Answer: (6 * 5C2 * 3 * 2 * 1)
Attempt: What I did was calculate the number of ways the string contains the substring OO, which I found to be 5!, I treated OO as one letter. Then I subtracted it from the total number of possible substrings 6!.I'm not sure where I went wrong, would appreciate any help.
The answer is $240$, which (as the comments indicate) is actually the result the OP's book provides. Here are two ways to obtain that answer:
First, to apply the method the OP uses, we need only fix one minor error—there are not $6! = 720$ different permutations of BOOGER, but only $6!/2 = 360$. The reason is that the two O's are not distinguishable. If we permute BO$_1\!$O$_2\!$GER, there are $720$ different sequences, but in ordinary text, there is no difference between BO$_1\!$O$_2\!$GER and BO$_2\!$O$_1\!$GER, and in general, each permutation of BO$_1\!$O$_2\!$GER has an indistinguishable "twin". Therefore, the correct answer is $6!/2 - 5! = 360-120 = 240$.

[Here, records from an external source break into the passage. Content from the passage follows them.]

lemma compact_obtain_cluster_point:
  assumes "compact S" "\<And>n. X n \<in> S"
  obtains x where "x \<in> S" "cluster_point X x"
proof -
  have "filtermap X sequentially \<noteq> bot" by (simp add: filtermap_bot_iff)
  moreover have "eventually (\<lambda>y. y \<in> S) (filtermap X sequentially)"
    using assms(2) by (simp add: eventually_filtermap)
  ultimately show ?thesis
    using assms(1) that unfolding compact_filter cluster_point_def by blast
qed

lemma cluster_point_continuous_tendsto:
  fixes \<phi> :: "'b::topological_space \<Rightarrow> 'c::t2_space"
  assumes "continuous_on UNIV \<phi>" "(\<lambda>n. \<phi> (X n)) \<longlonglongrightarrow> l" "cluster_point X x"
  shows "\<phi> x = l"
proof (rule tendsto_unique[OF assms(3)[unfolded cluster_point_def]])
  have "(\<phi> \<longlongrightarrow> \<phi> x) (nhds x)"
    using assms(1) unfolding continuous_on_def by (simp add: tendsto_at_iff_tendsto_nhds)
  thus "(\<phi> \<longlongrightarrow> \<phi> x) (inf (nhds x) (filtermap X sequentially))"
    by (rule tendsto_mono[rotated]) simp
  have "(\<phi> \<longlongrightarrow> l) (filtermap X sequentially)"
    using assms(2) by (simp add: filterlim_filtermap)
  thus "(\<phi> \<longlongrightarrow> l) (inf (nhds x) (filtermap X sequentially))"
    by (rule tendsto_mono[rotated]) simp
qed

lemma compact_unique_cluster_point_tendsto:
  assumes "compact S" "\<And>n. X n \<in> S" "\<And>x. x \<in> S \<Longrightarrow> cluster_point X x \<Longrightarrow> x = q"
  shows "X \<longlonglongrightarrow> q"
  unfolding tendsto_def
proof (intro allI impI, rule ccontr)
  fix U assume U: "open U" "q \<in> U" "\<not> eventually (\<lambda>n. X n \<in> U) sequentially"
  define F0 where "F0 = inf sequentially (principal {n. X n \<notin> U})"
  define F where "F = filtermap X F0"
  have "F0 \<noteq> bot"
  proof
    assume "F0 = bot"
    hence "eventually (\<lambda>_. False) F0" by simp
    hence "eventually (\<lambda>n. X n \<in> U) sequentially"
      unfolding F0_def eventually_inf_principal by (auto elim: eventually_mono)
    thus False using U(3) by blast
  qed
  hence "F \<noteq> bot" by (simp add: F_def filtermap_bot_iff)
  moreover have "eventually (\<lambda>y. y \<in> S \<inter> - U) F"
    unfolding F_def F0_def eventually_filtermap eventually_inf_principal using assms(2) by auto
  moreover have "compact (S \<inter> - U)" using assms(1) U(1) by (intro compact_Int_closed) auto
  ultimately obtain x where x: "x \<in> S \<inter> - U" "inf (nhds x) F \<noteq> bot"
    unfolding compact_filter by blast
  have "F \<le> filtermap X sequentially" unfolding F_def F0_def by (intro filtermap_mono) simp
  hence "cluster_point X x"
    using x(2) unfolding cluster_point_def by (metis inf_mono order_refl bot.extremum_uniqueI)
  thus False using assms(3) x U(2) by blast
qed

lemma measurable_funpow: "T \<in> measurable M M \<Longrightarrow> T ^^ n \<in> measurable M M"
  by (induction n) (auto intro: measurable_comp simp: measurable_ident)

lemma funpow_vimage_Suc:
  "T \<in> measurable M M \<Longrightarrow>
     (T ^^ Suc n) -` A \<inter> space M = T -` ((T ^^ n) -` A \<inter> space M) \<inter> space M"
  using measurable_space[of T M M] by (auto simp: funpow_swap1)

lemma funpow_vimage_invariant:
  assumes T: "T \<in> measurable M M" and f: "\<And>A. A \<in> sets M \<Longrightarrow> f (T -` A \<inter> space M) = f A"
    and A: "A \<in> sets M"
  shows "f ((T ^^ n) -` A \<inter> space M) = f A"
proof (induction n)
  case 0 thus ?case using sets.Int_space_eq2[OF A] by simp
next
  case (Suc n)
  have "(T ^^ n) -` A \<inter> space M \<in> sets M" using measurable_sets[OF measurable_funpow[OF T] A] .
  thus ?case using f Suc.IH by (simp only: funpow_vimage_Suc[OF T])
qed

lemma funpow_vimage_inv_sets:
  assumes T: "T \<in> measurable M M" and B: "B \<in> inv_sets M T"
  shows "(T ^^ n) -` B \<inter> space M = B"
proof (induction n)
  case 0 thus ?case using B sets.sets_into_space unfolding inv_sets_def by auto
next
  case (Suc n) thus ?case using B unfolding funpow_vimage_Suc[OF T] inv_sets_def by simp
qed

A second approach is to first decide where to put the two O's. There are ten possibilities: OXOXXX, OXXOXX, OXXXOX, OXXXXO, XOXOXX, XOXXOX, XOXXXO, XXOXOX, XXOXXO, and XXXOXO. The remaining four spots (marked by X's above) can be replaced by the four remaining letters B, G, E, and R in $4! = 24$ different ways. So the number of awesome permutations is $10 \times 24 = 240$.